Earth’s “second moon”—as asteroid called Kamo’oalewa—appears to have come from the moon itself.

Scientists have concluded this using computer models, revealing its origin as the Giordano Bruno crater on the moon’s far side.

Near-Earth Asteroids—of which the Kamo’oalewa is one—are generally thought to have come from the Main Asteroid Belt between Mars’s and Jupiter’s orbits.

Meet Kamo’oalewa

Kamo’oalewa, also called 2016 HO3 and meaning “oscillating celestial object” in Hawaiian, is about 130 to 330 feet (40 to 100 meters) across—about the size of The Statue of Liberty. It was discovered in 2016 by Pan-STARRS, an array of telescopes in Hawaii designed to find and track NEAs. About 250,000 NEAs are currently known.

Kamo’oalewa is a quasi-satellite of Earth because it appears to orbit Earth despite actually orbiting the sun. It moves in sync with Earth in a 1:1 resonance.

Giordano Bruno Crater

The asteroid comes from Giordano Bruno crater on the far side of the moon, according to a paper published this week in Nature Astronomy.

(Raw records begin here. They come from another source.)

lemma samp_prob_nonneg:
  assumes "c \<ge> -3"
  shows "samp_prob n f c i \<ge> 0"
proof -
  have "log 2 (real n) \<ge> 0" by (cases "n = 0") (simp_all add: log_def)
  then show ?thesis using assms by (simp add: samp_prob_def)
qed

lemma samp_prob_le_one: "samp_prob n f c i \<le> 1"
  by (simp add: samp_prob_def)

lemma samp_prob_mult_powr:
  assumes "n > 0"
  shows "samp_prob n f c i * real n powr (real i / real f)
    = min ((c + 3) * log 2 (real n)) (real n powr (real i / real f))"
proof -
  define x where "x = real n powr (real i / real f)"
  have "x > 0" using assms by (simp add: x_def)
  have "samp_prob n f c i = min ((c + 3) * log 2 (real n) / x) 1"
    unfolding samp_prob_def x_def using assms by (simp add: powr_minus divide_inverse ac_simps)
  then show ?thesis
    unfolding x_def[symmetric] using \<open>x > 0\<close> by (simp add: min_mult_distrib_right)
qed

lemma prob_Pi_pmf_all_eq:
  assumes "finite A" and "S \<subseteq> A"
  shows "measure_pmf.prob (Pi_pmf A d P) {\<omega>. \<forall>x\<in>S. \<omega> x = b} = (\<Prod>x\<in>S. pmf (P x) b)"
proof -
  have "{\<omega>. \<forall>x\<in>S. \<omega> x = b} = Pi A (\<lambda>x. if x \<in> S then {b} else UNIV)"
    using assms(2) by (auto simp: Pi_def)
  then have "measure_pmf.prob (Pi_pmf A d P) {\<omega>. \<forall>x\<in>S. \<omega> x = b}
      = (\<Prod>x\<in>A. if x \<in> S then pmf (P x) b else 1)"
    using assms(1) by (simp add: measure_Pi_pmf_Pi measure_pmf_single if_distrib cong: if_cong)
  also have "\<dots> = (\<Prod>x\<in>S. pmf (P x) b)"
    using assms by (simp add: prod.If_cases Int_absorb1)
  finally show ?thesis .
qed

lemma prob_Pi_pmf_bernoulli_none:
  assumes "finite A" and "S \<subseteq> A" and "\<And>x. x \<in> S \<Longrightarrow> P x = bernoulli_pmf p"
    and "0 \<le> p" and "p \<le> 1"
  shows "measure_pmf.prob (Pi_pmf A d P) {\<omega>. \<forall>x\<in>S. \<not> \<omega> x} = (1 - p) ^ card S"
  using prob_Pi_pmf_all_eq[OF assms(1,2), of d P False] assms(3-5) by simp

lemma prob_Pi_pmf_bernoulli_count_ge:
  assumes "finite A" and "S \<subseteq> A" and "\<And>x. x \<in> S \<Longrightarrow> P x = bernoulli_pmf p"
    and "0 \<le> p" and "p \<le> 1"
  shows "measure_pmf.prob (Pi_pmf A d P) {\<omega>. t \<le> card {x\<in>S. \<omega> x}}
    \<le> real (card S choose t) * p ^ t"
proof -
  define M where "M = Pi_pmf A d P"
  define Ts where "Ts = {T. T \<subseteq> S \<and> card T = t}"
  have "finite S" using assms(1,2) by (rule finite_subset[rotated])
  have "{\<omega>. t \<le> card {x\<in>S. \<omega> x}} \<subseteq> (\<Union>T\<in>Ts. {\<omega>. \<forall>x\<in>T. \<omega> x})"
  proof
    fix \<omega> assume "\<omega> \<in> {\<omega>. t \<le> card {x\<in>S. \<omega> x}}"
    then obtain T where "T \<subseteq> {x\<in>S. \<omega> x}" "card T = t"
      by (auto intro: obtain_subset_with_card_n)
    then show "\<omega> \<in> (\<Union>T\<in>Ts. {\<omega>. \<forall>x\<in>T. \<omega> x})" unfolding Ts_def by auto
  qed
  then have "measure_pmf.prob M {\<omega>. t \<le> card {x\<in>S. \<omega> x}}
      \<le> measure_pmf.prob M (\<Union>T\<in>Ts. {\<omega>. \<forall>x\<in>T. \<omega> x})"
    by (intro measure_pmf.finite_measure_mono) auto
  also have "\<dots> \<le> (\<Sum>T\<in>Ts. measure_pmf.prob M {\<omega>. \<forall>x\<in>T. \<omega> x})"
    using \<open>finite S\<close> by (intro measure_pmf.finite_measure_subadditive_finite) (auto simp: Ts_def)
  also have "\<dots> = (\<Sum>T\<in>Ts. p ^ t)"
  proof (rule sum.cong[OF refl])
    fix T assume "T \<in> Ts"
    then have "T \<subseteq> A" "card T = t" "\<And>x. x \<in> T \<Longrightarrow> P x = bernoulli_pmf p"
      using assms(2,3) by (auto simp: Ts_def)
    then show "measure_pmf.prob M {\<omega>. \<forall>x\<in>T. \<omega> x} = p ^ t"
      using prob_Pi_pmf_all_eq[OF assms(1) \<open>T \<subseteq> A\<close>, of d P True] assms(4,5)
      by (simp add: M_def)
  qed
  also have "\<dots> = real (card S choose t) * p ^ t"
    using n_subsets[OF \<open>finite S\<close>] by (simp add: Ts_def)
  finally show ?thesis unfolding M_def .
qed

lemma prob_sampling_level_none:
  assumes "finite V" and "i \<in> {1..<f}" and "Q \<subseteq> V" and "c \<ge> -3"
  shows "measure_pmf.prob (sampling V f c) {\<omega>. \<forall>x\<in>Q. \<not> \<omega> (i, x)}
    = (1 - samp_prob (card V) f c i) ^ card Q"
proof -
  have "{\<omega>. \<forall>x\<in>Q. \<not> \<omega> (i, x)} = {\<omega>. \<forall>y\<in>{i} \<times> Q. \<not> \<omega> y}" by auto
  moreover have "measure_pmf.prob (sampling V f c) {\<omega>. \<forall>y\<in>{i} \<times> Q. \<not> \<omega> y}
      = (1 - samp_prob (card V) f c i) ^ card ({i} \<times> Q)"
    unfolding sampling_def using assms
    by (intro prob_Pi_pmf_bernoulli_none) (auto simp: samp_prob_nonneg samp_prob_le_one)
  ultimately show ?thesis by (simp add: card_cartesian_product_singleton)
qed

A 14-mile (22-kilometer) wide impact crater, Giordano Bruno crater is thought to be the youngest crater of its size or larger on the moon’s surface. The researchers say it was caused by an asteroid about one mile (1.6 kilometers) in diameter striking the moon between one million and 10 million years ago.

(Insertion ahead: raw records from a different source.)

(* Let $G_1,\ldots,G_d$ be finite simple undirected graphs, $G_i$ being $r_i$-regular with $k_i$ vertices, and set $s_i=k_i-r_i$. Assume $s_1<s_2<\cdots<s_d$. Then \[ E(K_d[G_1,\ldots,G_d])\ge 2\sum_{i=1}^{d-1}s_i+\sum_{i=1}^d E(G_i). \] In particular, if $d\ge 2$, then \[ E(K_d[G_1,\ldots,G_d])> E(K_d)+\sum_{i=1}^d E(G_i). \]
   Context: $K_d$ is the complete graph on $d$ vertices, and $K_d[G_1,\ldots,G_d]$ is the join of $G_1,\ldots,G_d$: the disjoint union of the $G_i$ with an edge added between every vertex of $G_i$ and every vertex of $G_j$ for all $i\ne j$. The energy $E(H)$ of a graph $H$ is the sum of the absolute values of the eigenvalues (with multiplicity) of its adjacency matrix. *)

theory Defs
  imports "Jordan_Normal_Form.Char_Poly"
begin

definition mat_energy :: "complex mat \<Rightarrow> real" where
  "mat_energy A = (\<Sum>a\<in>{a. poly (char_poly A) a = 0}. real (order a (char_poly A)) * cmod a)"

(* A graph on vertex set {0..<n} given by an adjacency relation R. *)
definition adj_mat :: "nat \<Rightarrow> (nat \<Rightarrow> nat \<Rightarrow> bool) \<Rightarrow> complex mat" where
  "adj_mat n R = mat n n (\<lambda>(p,q). if R p q then 1 else 0)"

definition graph_energy :: "nat \<Rightarrow> (nat \<Rightarrow> nat \<Rightarrow> bool) \<Rightarrow> real" where
  "graph_energy n R = mat_energy (adj_mat n R)"

definition simple_graph :: "nat \<Rightarrow> (nat \<Rightarrow> nat \<Rightarrow> bool) \<Rightarrow> bool" where
  "simple_graph n R \<longleftrightarrow> (\<forall>u<n. \<forall>v<n. R u v = R v u) \<and> (\<forall>u<n. \<not> R u u)"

The researchers used numerical simulations to model the kind of impact that could produce and eject something the size of Kamo’oalewa. The project involved weeks of computation on supercomputers to explore every possibility, according to Science.

Lunar Fragments

This is not the first time the moon has been suggested as the source of Kamo’oalewa. In 2021, a team of University of Arizona astronomers using Arizona’s Large Binocular Telescope Observatory suggested that Kamo’oalewa could be a chunk of the moon. That was based on the fact that its spectrum—the light it was reflecting—was unlike that of any other NEA. Last year another research team agreed after discovering that although unlikely, fragments of the moon caused by an impact in the past few million years could find their way into orbits like that of Kamo’oalewa.

Although the moon is covered in craters—each caused by asteroids or meteorites—the lunar material ejected by the impact generally falls back to the lunar surface.

China’s Mission

Scientists will soon know more about Earth’s “second moon.” Next year, Kamo’oalewa will be visited by Tianwen-2, China’s first asteroid sampling mission. It will be the first mission to study an asteroid tens of meters in size—the most common yet least understood small body.

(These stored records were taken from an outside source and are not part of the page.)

lemma witness_block_entry_eq_0:
  assumes k0: "k0 < Kt" and v: "v \<in> carrier_vec (Kt * Nt)"
    and align: "align_mat (witness_channel k0) *\<^sub>v v = 0\<^sub>v (m * R)"
    and k: "k < Kt" "k \<noteq> k0" and s: "s < Nt"
  shows "v $ (k * Nt + s) = 0"
proof -
  let ?w = "witness_channel k0"
  define r where "r = slot k0 k s mod R"
  define j where "j = r div Mr"
  define i where "i = r mod Mr"
  have "r < R"
    unfolding r_def using Kr Mr by simp
  then have ji: "j < Kr" "i < Mr" "j * Mr + i = r"
    unfolding j_def i_def using Mr by (simp_all add: less_mult_imp_div_less)
  define c where "c k' = (\<Sum>s'<Nt. ?w (j, k', i, s') * v $ (k' * Nt + s'))" for k'
  have moments: "(\<Sum>k'\<in>{..<Kt}. of_nat k' ^ l * c k') = 0" if "l < m" for l
    using align_mat_mult_vec(2)[OF v that ji(1,2), of ?w] align_mat_mult_vec(1)[OF v that ji(1,2)] align
    unfolding c_def by simp
  have "{k' \<in> {..<Kt}. c k' \<noteq> 0} \<subseteq> {k' \<in> {..<Kt}. k' \<noteq> k0 \<and> (\<exists>s'<Nt. slot k0 k' s' mod R = r)}"
    unfolding c_def witness_channel_def using ji(3) by (force intro: sum.neutral)
  then have "card {k' \<in> {..<Kt}. c k' \<noteq> 0} \<le> card {k' \<in> {..<Kt}. k' \<noteq> k0 \<and> (\<exists>s'<Nt. slot k0 k' s' mod R = r)}"
    by (rule card_mono[rotated]) simp
  also have "\<dots> \<le> m"
    by (rule card_slots_to_row_le[OF k0])
  finally have card: "card {k' \<in> {..<Kt}. c k' \<noteq> 0} \<le> m" .
  have "c k = 0"
    using power_sums_eq_0_imp_eq_0[OF moments _ inj_of_nat_lessThan card] k by simp
  moreover have "c k = v $ (k * Nt + s)"
    unfolding c_def witness_channel_def using k s ji(3) slot_mod_eq_iff[OF s, of _ k0 k]
    by (simp add: r_def of_bool_def if_distrib[of "\<lambda>a. a * _"] cong: if_cong)
  ultimately show ?thesis
    by simp
qed

lemma witness_kernel_trivial:
  assumes k0: "k0 < Kt" and v: "v \<in> carrier_vec (Kt * Nt)"
    and "aug_mat k0 (witness_channel k0) *\<^sub>v v = 0\<^sub>v (m * R + Nt)"
  shows "v = 0\<^sub>v (Kt * Nt)"
proof -
  have align: "align_mat (witness_channel k0) *\<^sub>v v = 0\<^sub>v (m * R)"
    and block: "\<And>s. s < Nt \<Longrightarrow> v $ (k0 * Nt + s) = 0"
    using assms aug_mat_mult_vec_eq_0_iff by auto
  have "v $ (k * Nt + s) = 0" if "k < Kt" "s < Nt" for k s
    using block witness_block_entry_eq_0[OF k0 v align] that by (cases "k = k0") auto
  then show ?thesis
    using v by (intro eq_vecI) (auto, metis div_mult_mod_eq less_mult_imp_div_less mod_less_divisor Nt)
qed

lemma gram_det_witness: "k0 < Kt \<Longrightarrow> gram_det k0 (witness_channel k0) \<noteq> 0"
  unfolding gram_det_def
  by (intro det_transpose_mult_nonzero_if_self_conjugate[OF aug_mat_carrier] witness_kernel_trivial)
    (auto simp: aug_mat_def align_mat_def witness_channel_def)
(* Let $\sigma$ be a completely erasing $k$-block substitution with $w_\epsilon\ne1^k$ that satisfies the optimality condition. Suppose the vanishing order satisfies $$\lim_{|w|\to\infty}\frac{|w|}{\epsilon(w)}=\infty,$$ meaning that for every $M>0$ there is $N$ such that $|w|/\epsilon(w)>M$ for all $w\in\{0,1\}^*$ with $|w|>N$. Then $f_\sigma$ has infinite topological entropy.
   Context: Notation: $\mathbb I=[0,1]$. $\{0,1\}^*$ and $\{0,1\}^\omega$ denote finite and infinite binary words, and $\epsilon$ is the empty word. For a word $w$, set $0.w=\sum_iw_i2^{-i}$. For $x\in(0,1]$, $\widetilde x$ is the unique infinite binary expansion of $x$ not ending in $0^\infty$. Fix $k\ge2$. An erasing $k$-block substitution is a map $\sigma:\{0,1\}^k\to\{0,1\}^*$ with exactly one block $w_\epsilon$ such that $\sigma(w_\epsilon)=\epsilon$. $\sigma$ is alternating if there are $\sigma_1,\dots,\sigma_k:\{0,1\}\to\{0,1\}^*$ with $\sigma(b_1\cdots b_k)=\sigma_1(b_1)\cdots\sigma_k(b_k)$. It is then extended to all finite or infinite words by $\sigma(u)=\prod_j\sigma_{((j-1)\bmod k)+1}(u_j)$. $\sigma$ is completely erasing if it is erasing and alternating, and every $w\in\{0,1\}^*$ satisfies $\sigma^n(w)=\epsilon$ for some $n\in\mathbb N$. The least such $n$ is the vanishing order $\epsilon(w)$. The map $f_\sigma:\mathbb I\to\mathbb I$ is defined by $f_\sigma(x)=0.\sigma(\widetilde x)$ if $x\in(0,1]$ and $\widetilde x\neq w_\epsilon^\infty$, and $f_\sigma(x)=0$ otherwise. Optimality condition: every $w\in\{0,1\}^\omega$ can be written as $w=\prod_{i\ge1}\sigma(b_i)$ with blocks $b_i\in\{0,1\}^k$ satisfying $\sigma(b_i)\ne\epsilon$. Topological entropy (Bowen–Dinaburg, for a possibly discontinuous $f$): let $d_n(x,y)=\max_{0\le i\le n}|f^i(x)-f^i(y)|$. A set $S$ is $(n,\delta)$-separated if $d_n(x,y)\ge\delta$ for all distinct $x,y\in S$. Let $s(n,\delta)$ be the maximal cardinality of an $(n,\delta)$-separated subset of $\mathbb I$. Then $h(f)=\lim_{\delta\to0}\limsup_{n\to\infty}\frac1n\log s(n,\delta)$. *)

theory Defs
  imports "HOL-Analysis.Analysis"
begin

text \<open>Binary words: finite words are bool lists (True = 1, False = 0),
infinite words are functions nat => bool (position n is the (n+1)-th letter).\<close>

definition bval :: "bool list \<Rightarrow> real" where
  "bval w = (\<Sum>i<length w. (if w ! i then 1 else 0) / 2 ^ (Suc i))"

definition ival :: "(nat \<Rightarrow> bool) \<Rightarrow> real" where
  "ival w = (\<Sum>n. (if w n then 1 else 0) / 2 ^ (Suc n))"

definition tilde :: "real \<Rightarrow> (nat \<Rightarrow> bool)" where
  "tilde x = (THE w. ival w = x \<and> (\<forall>N. \<exists>n\<ge>N. w n))"

text \<open>Concatenation of an infinite sequence of finite words; if the result
is a finite word it is padded with zeros (which does not change its binary value).\<close>
definition iconcat :: "(nat \<Rightarrow> bool list) \<Rightarrow> nat \<Rightarrow> bool" where
  "iconcat u n =
     (if \<exists>m. n < length (concat (map u [0..<m]))
      then concat (map u [0..<(LEAST m. n < length (concat (map u [0..<m])))]) ! n
      else False)"

text \<open>An alternating k-block substitution is given by its components
s 0, ..., s (k-1) (the paper's sigma_1, ..., sigma_k).  Its extension to finite words:\<close>
definition sub :: "(nat \<Rightarrow> bool \<Rightarrow> bool list) \<Rightarrow> nat \<Rightarrow> bool list \<Rightarrow> bool list" where
  "sub s k w = concat (map (\<lambda>j. s (j mod k) (w ! j)) [0..<length w])"

definition isub :: "(nat \<Rightarrow> bool \<Rightarrow> bool list) \<Rightarrow> nat \<Rightarrow> (nat \<Rightarrow> bool) \<Rightarrow> (nat \<Rightarrow> bool)" where
  "isub s k x = iconcat (\<lambda>j. s (j mod k) (x j))"

definition erasing :: "(nat \<Rightarrow> bool \<Rightarrow> bool list) \<Rightarrow> nat \<Rightarrow> bool" where
  "erasing s k \<longleftrightarrow> (\<exists>!b. length b = k \<and> sub s k b = [])"

definition eblock :: "(nat \<Rightarrow> bool \<Rightarrow> bool list) \<Rightarrow> nat \<Rightarrow> bool list" where
  "eblock s k = (THE b. length b = k \<and> sub s k b = [])"

definition completely_erasing :: "(nat \<Rightarrow> bool \<Rightarrow> bool list) \<Rightarrow> nat \<Rightarrow> bool" where
  "completely_erasing s k \<longleftrightarrow> erasing s k \<and> (\<forall>w. \<exists>n. (sub s k ^^ n) w = [])"

definition vanishing_order :: "(nat \<Rightarrow> bool \<Rightarrow> bool list) \<Rightarrow> nat \<Rightarrow> bool list \<Rightarrow> nat" where
  "vanishing_order s k w = (LEAST n. (sub s k ^^ n) w = [])"

definition optimal :: "(nat \<Rightarrow> bool \<Rightarrow> bool list) \<Rightarrow> nat \<Rightarrow> bool" where
  "optimal s k \<longleftrightarrow>
     (\<forall>w :: nat \<Rightarrow> bool. \<exists>b :: nat \<Rightarrow> bool list.
        (\<forall>i. length (b i) = k \<and> sub s k (b i) \<noteq> []) \<and>
        w = iconcat (\<lambda>i. sub s k (b i)))"

definition fsigma :: "(nat \<Rightarrow> bool \<Rightarrow> bool list) \<Rightarrow> nat \<Rightarrow> real \<Rightarrow> real" where
  "fsigma s k x =
     (if 0 < x \<and> x \<le> 1 \<and> tilde x \<noteq> (\<lambda>n. eblock s k ! (n mod k))
      then ival (isub s k (tilde x)) else 0)"

text \<open>Bowen--Dinaburg topological entropy of a (possibly discontinuous) map on [0,1].\<close>
definition dn :: "(real \<Rightarrow> real) \<Rightarrow> nat \<Rightarrow> real \<Rightarrow> real \<Rightarrow> real" where
  "dn f n x y = Max ((\<lambda>i. \<bar>(f ^^ i) x - (f ^^ i) y\<bar>) ` {0..n})"

definition separated :: "(real \<Rightarrow> real) \<Rightarrow> nat \<Rightarrow> real \<Rightarrow> real set \<Rightarrow> bool" where
  "separated f n \<delta> S \<longleftrightarrow> S \<subseteq> {0..1} \<and> (\<forall>x\<in>S. \<forall>y\<in>S. x \<noteq> y \<longrightarrow> dn f n x y \<ge> \<delta>)"

definition sep_num :: "(real \<Rightarrow> real) \<Rightarrow> nat \<Rightarrow> real \<Rightarrow> nat" where
  "sep_num f n \<delta> = Sup {card S | S. finite S \<and> separated f n \<delta> S}"

definition htop :: "(real \<Rightarrow> real) \<Rightarrow> ereal" where
  "htop f = Lim (at_right 0)
     (\<lambda>\<delta>. limsup (\<lambda>n. ereal (ln (real (sep_num f n \<delta>)) / real n)))"

end

theory Submission
  imports Defs
begin

text \<open>If no expansion along the substitution orbit of x is eventually periodic, each
has infinitely many ones, hence is the canonical expansion of its value, and fsigma acts on
these values exactly as the substitution acts on the expansions. By optimality every word
that is not eventually periodic is the image of another such word (at any phase), so a
finite word w that vanishes after m steps can be prepended to a tail whose m-th image is any
prescribed word. The growth hypothesis lets all words of length p + 1 vanish within m
\<approx> (p + 1) / M steps; iterating the construction prescribes the first p + 1 digits of
the orbit at the times 0, m, ..., (r - 1) m independently. Using words of length p followed
by a zero gives 2^(p r) points that are (r m, 2^-(p+1))-separated, so the entropy is at
least p ln 2 / m \<approx> M ln 2, for every M.\<close>

section \<open>Binary values\<close>

definition digit_val :: "(nat \<Rightarrow> bool) \<Rightarrow> nat \<Rightarrow> real" where
  "digit_val x n = (if x n then 1 else 0) / 2 ^ Suc n"

definition tail_val :: "(nat \<Rightarrow> bool) \<Rightarrow> nat \<Rightarrow> real" where
  "tail_val x j = (\<Sum>n. digit_val x (n + j))"

lemma digit_val_nonneg: "0 \<le> digit_val x n"
  by (simp add: digit_val_def)

lemma digit_val_le: "digit_val x n \<le> (1/2) ^ Suc n"
  by (simp add: digit_val_def power_divide)

lemma half_powers_from:
  "(\<lambda>n. ((1::real)/2) ^ Suc (n + j)) sums (1 / 2 ^ j)"
proof -
  have "(\<lambda>n. ((1::real)/2) ^ Suc (n + j)) = (\<lambda>n. (1/2) ^ Suc j * (1/2) ^ n)"
    by (simp add: power_add mult.commute)
  moreover have "(1/2::real) ^ Suc j * (1 / (1 - 1/2)) = 1 / 2 ^ j"
    by (simp add: power_divide)
  moreover have "(\<lambda>n. (1/2) ^ Suc j * ((1::real)/2) ^ n) sums ((1/2) ^ Suc j * (1 / (1 - 1/2)))"
    by (rule sums_mult[OF geometric_sums]) simp
  ultimately show ?thesis
    by (simp only:)
qed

Kamo’oalewa is expected to orbit in the vicinity of Earth for millions of years.

‘Dark Side’ Of The Moon

Giordano Bruno crater is on the moon’s far side, often mistakenly called its “dark side.” Despite it being a term used in popular culture, the dark side of the moon has no technical meaning. The moon is tidally locked to Earth, so we only see one side of it, the near side.

However, half of the moon is constantly lit by the sun as it orbits Earth, with only our view of it changing day and night. These are the phases of the moon, but only at full moon is the far side completely dark.

Wishing you clear skies and wide eyes.